What can you expect under IPS belt-tightening?

With the Interim Payment System already here, system-based home care agencies may find little room to maneuver to improve their bottom lines, but there are a few simple strategies that can help.

Lorraine Waters, RN, C, BSN, MA, director of Southern Home Care at Clark Memorial Hospital in Jeffersonville, IN, looks at the IPS as being similar to managed care. In the short term, with Medicare, the inefficient agencies, i.e., the ones over the cost limits, will benefit. But in the long run, the agencies who do more with less will survive under the Prospective Payment System slated for 1999.

To get her staff to accept the new concept of reimbursement, Waters relied on teaching inservices. "Staff education is by far the most important thing," she says. "I started teaching it as soon as I figured out what IPS was. The [staff] were absolutely amazed. People aren't going to change behavior unless they understand why."

To help spread the word, Waters developed a list of strategies for survival under the Balanced Budget Act's IPS provision, which she shared with staff. (See Survival Techniques for Home Care, p. 55.) And in anticipation of the per beneficiary cap, she estimated her agency's 1998 per visit cost limits to show staff the world they were going to be living and working in. (See 1998 Per Visit Cost Limit Calculations, p. 57.) "What's going to happen [with IPS] is unknown. HCFA is not using our figures. They are using their own figures for the unduplicated census. We are out there providing care, and we don't know what we're getting reimbursed. I don't know of any other industry that does that," she says.

Waters says she began preparing her agency for change months ago - not for IPS but for managed care. Waters compares the Medicare reimbursement cuts with operating under a managed care system.

"The efficient agencies will be the ones with low numbers of visits per patient. We've already been doing that - not for IPS but to get ready for managed care. We don't have a large penetration of managed care in our area yet, but it's coming. "We've never been over our cost caps. We've had to do a lot of adjustments on budgets," Waters explains.

The most obvious reaction to cutbacks is for agencies to trim personnel, but so far, that has not been necessary at Southern Home Care, Waters says. That may change, however.

"We don't anticipate laying anyone off, but we are more cautious about replacing people who leave. We recently eliminated two support staff positions when those people left. And we have two nursing positions we're leaving open for the time being."

But the reality of IPS is close to home. "I know of two agencies in our area that have closed and another that is probably going to. These were the ones who had high reliance on venipuncture and chronic patients. They were freestanding. Some for profit; some not for profit. But IPS hurts everybody across the board." Of course, freestanding agencies are not the ones that stand to lose money with IPS, she says. "Hospitals will lose a good bit of the cost shift.
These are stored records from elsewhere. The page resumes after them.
(* Let $d_t(n)=PPL_t(n+1)-PPL_t(n)$ for $n\geq 0$. Then $d_t(n)\in\{-1,0,1\}$ for all $n$, and the sequence $(d_t(n))_{n\geq 0}$ is the fixed point (starting with $1$) of the $4$-uniform morphism $\delta$ on the alphabet $\{-1,0,1\}$ given by \[\delta(1)=(1,1,0,-1),\quad \delta(0)=(1,1,-1,-1),\quad \delta(-1)=(1,0,-1,-1);\] that is, $(d_t(4n),d_t(4n+1),d_t(4n+2),d_t(4n+3))=\delta(d_t(n))$ for all $n\geq 0$, and $d_t(0)=1$.
   Context: The Thue-Morse word $t=t[1]t[2]\cdots=abbabaabbaababba\cdots$ is the fixed point starting with $a$ of the morphism $a\mapsto abba,\ b\mapsto baab$. A palindrome is a word $p=p[1]\cdots p[n]$ with $p[i]=p[n-i+1]$ for all $i$. $PPL_t(n)$ is the minimal number of nonempty palindromes whose concatenation equals the prefix of $t$ of length $n$, with $PPL_t(0)=0$. *)

theory Defs
  imports Main
begin

datatype letter = LA | LB

fun tm_morph :: "letter \<Rightarrow> letter list" where
  "tm_morph LA = [LA, LB, LB, LA]"
| "tm_morph LB = [LB, LA, LA, LB]"

definition tm_morph_word :: "letter list \<Rightarrow> letter list" where
  "tm_morph_word w = concat (map tm_morph w)"

text \<open>k-th iterate of the morphism applied to a; each is a prefix of the next,
  and the fixed point t starting with a is their limit.\<close>
fun tm_iter :: "nat \<Rightarrow> letter list" where
  "tm_iter 0 = [LA]"
| "tm_iter (Suc k) = tm_morph_word (tm_iter k)"

text \<open>Prefix of t of length n (tm_iter n has length 4^n \<ge> n).\<close>
definition tm_prefix :: "nat \<Rightarrow> letter list" where
  "tm_prefix n = take n (tm_iter n)"

definition palindrome :: "'a list \<Rightarrow> bool" where
  "palindrome p \<longleftrightarrow> rev p = p"

definition PPL_t :: "nat \<Rightarrow> nat" where
  "PPL_t n = (LEAST k. \<exists>ps. length ps = k \<and> (\<forall>p\<in>set ps. p \<noteq> [] \<and> palindrome p)
                          \<and> concat ps = tm_prefix n)"

definition d_t :: "nat \<Rightarrow> int" where
  "d_t n = int (PPL_t (n + 1)) - int (PPL_t n)"

definition delta :: "int \<Rightarrow> int list" where
  "delta x = (if x = 1 then [1, 1, 0, -1]
              else if x = 0 then [1, 1, -1, -1]
              else if x = -1 then [1, 0, -1, -1]
              else [])"

end

theory Submission
  imports Defs
begin

text \<open>
  Write t[n+1] = b iff the binary digit sum of n is odd. A palindromic factor t[i+1..m] of length
  other than 1 and 3 has 4 dividing i + m: the two middle letters t[p+1], t[p+2] of an even
  palindrome are equal, which forces p to be odd, and an odd palindrome of length at least 5
  would have a central palindrome of length 5, which t does not contain. For such
  factors, t[4j+r+1..4n-r] is a palindrome iff t[j+1..n] is one, because positions 4q + s and
  4q' + 3 - s carry equal letters iff q and q' do. Classifying the last palindrome of an optimal
  factorisation of the prefix of length 4n + r, and lifting the last palindrome of an optimal
  factorisation of the prefix of length n or n + 1, gives by strong induction
  PPL(4n) = PPL(n), PPL(4n+1) = PPL(n) + 1, PPL(4n+2) = min(PPL(n), PPL(n+1)) + 2 and
  PPL(4n+3) = PPL(n+1) + 1. Together with |PPL(m+1) - PPL(m)| <= 1 this is the morphism delta.
\<close>

section \<open>Palindromic length of a word\<close>

definition pal_factorization :: "'a list list \<Rightarrow> 'a list \<Rightarrow> bool" where
  "pal_factorization ps w \<longleftrightarrow> (\<forall>p\<in>set ps. p \<noteq> [] \<and> palindrome p) \<and> concat ps = w"

definition pal_length :: "'a list \<Rightarrow> nat" where
  "pal_length w = (LEAST k. \<exists>ps. length ps = k \<and> pal_factorization ps w)"

lemma pal_length_le: "pal_factorization ps w \<Longrightarrow> pal_length w \<le> length ps"
  unfolding pal_length_def by (rule Least_le) blast

lemma pal_length_attained:
  obtains ps where "length ps = pal_length w" "pal_factorization ps w"
proof -
  have "pal_factorization (map (\<lambda>x. [x]) w) w"
    by (auto simp: pal_factorization_def palindrome_def map_idI)
  then have "\<exists>k ps. length ps = k \<and> pal_factorization ps w" by blast
  then have "\<exists>ps. length ps = pal_length w \<and> pal_factorization ps w"
    unfolding pal_length_def by (rule LeastI_ex)
  with that show ?thesis by blast
qed

lemma pal_length_append_palindrome:
  assumes "s \<noteq> []" "palindrome s"
  shows "pal_length (u @ s) \<le> pal_length u + 1"
proof -
  obtain ps where "length ps = pal_length u" "pal_factorization ps u"
    by (rule pal_length_attained)
  with assms have "pal_factorization (ps @ [s]) (u @ s)"
    by (auto simp: pal_factorization_def)
  then have "pal_length (u @ s) \<le> length (ps @ [s])"
    by (rule pal_length_le)
  with \<open>length ps = pal_length u\<close> show ?thesis by simp
qed

lemma pal_length_last_palindrome:
  assumes "w \<noteq> []"
  obtains u s where "w = u @ s" "s \<noteq> []" "palindrome s" "pal_length w = pal_length u + 1"
proof -
  obtain ps where ps: "length ps = pal_length w" "pal_factorization ps w"
    by (rule pal_length_attained)
  with assms have "ps \<noteq> []" by (auto simp: pal_factorization_def)
  then obtain qs s where qs: "ps = qs @ [s]"
    by (cases ps rule: rev_exhaust) auto
  with ps have s: "s \<noteq> []" "palindrome s" and w: "w = concat qs @ s"
    and qs_fact: "pal_factorization qs (concat qs)"
    by (auto simp: pal_factorization_def)
  from qs_fact have "pal_length (concat qs) \<le> length qs"
    by (rule pal_length_le)
  moreover have "pal_length w \<le> pal_length (concat qs) + 1"
    using pal_length_append_palindrome [OF s] w by blast
  ultimately have "pal_length w = pal_length (concat qs) + 1"
    using ps qs by simp
  with w s show ?thesis by (rule that)
qed

section \<open>The Thue-Morse word\<close>

text \<open>Positions are counted from 0: tm_letter n is the letter t[n+1] of the paper, and it is b
  iff tm_bit n, the parity of the binary digit sum of n, holds.\<close>

fun tm_bit :: "nat \<Rightarrow> bool" where
  "tm_bit n = (if n = 0 then False else if even n then tm_bit (n div 2) else \<not> tm_bit (n div 2))"

declare tm_bit.simps [simp del]

lemma tm_bit_0 [simp]: "tm_bit 0 = False"
  by (simp add: tm_bit.simps)

lemma tm_bit_double [simp]: "tm_bit (2 * q) = tm_bit q"
  by (cases "q = 0") (simp_all add: tm_bit.simps [of "2 * q"])

lemma tm_bit_double_Suc [simp]: "tm_bit (Suc (2 * q)) = (\<not> tm_bit q)"
  by (simp add: tm_bit.simps [of "Suc (2 * q)"])

lemma tm_bit_mult4:
  "tm_bit (4 * q) = tm_bit q" "tm_bit (4 * q + 1) = (\<not> tm_bit q)"
  "tm_bit (4 * q + 2) = (\<not> tm_bit q)" "tm_bit (4 * q + 3) = tm_bit q"
proof -
  have "4 * q = 2 * (2 * q)" "4 * q + 1 = Suc (2 * (2 * q))"
    "4 * q + 2 = 2 * Suc (2 * q)" "4 * q + 3 = Suc (2 * Suc (2 * q))"
    by simp_all
  then show "tm_bit (4 * q) = tm_bit q" "tm_bit (4 * q + 1) = (\<not> tm_bit q)"
    "tm_bit (4 * q + 2) = (\<not> tm_bit q)" "tm_bit (4 * q + 3) = tm_bit q"
    by (simp_all only: tm_bit_double tm_bit_double_Suc not_not)
qed

lemma tm_bit_mult4_add:
  assumes "s < 4"
  shows "tm_bit (4 * q + s) = (tm_bit q \<noteq> (s = 1 \<or> s = 2))"
proof -
  from assms consider "s = 0" | "s = 1" | "s = 2" | "s = 3" by linarith
  then show ?thesis by cases (use tm_bit_mult4 [of q] in simp_all)
qed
They've got to operate efficiently and stay under caps."

Fading revenues under IPS affecting the cost shift and the benefit's eventual elimination under a home health prospective payment system will offer hospitals less incentive to run home health agencies, Waters says.

"Those hospitals that have a firm commitment to the integrated system of care concept or see that home health is still an advantage for the cost shift, just not as much as it has been, will stay in home care," Waters says. "But I expect a lot of hospitals will be taking a strong look at home care."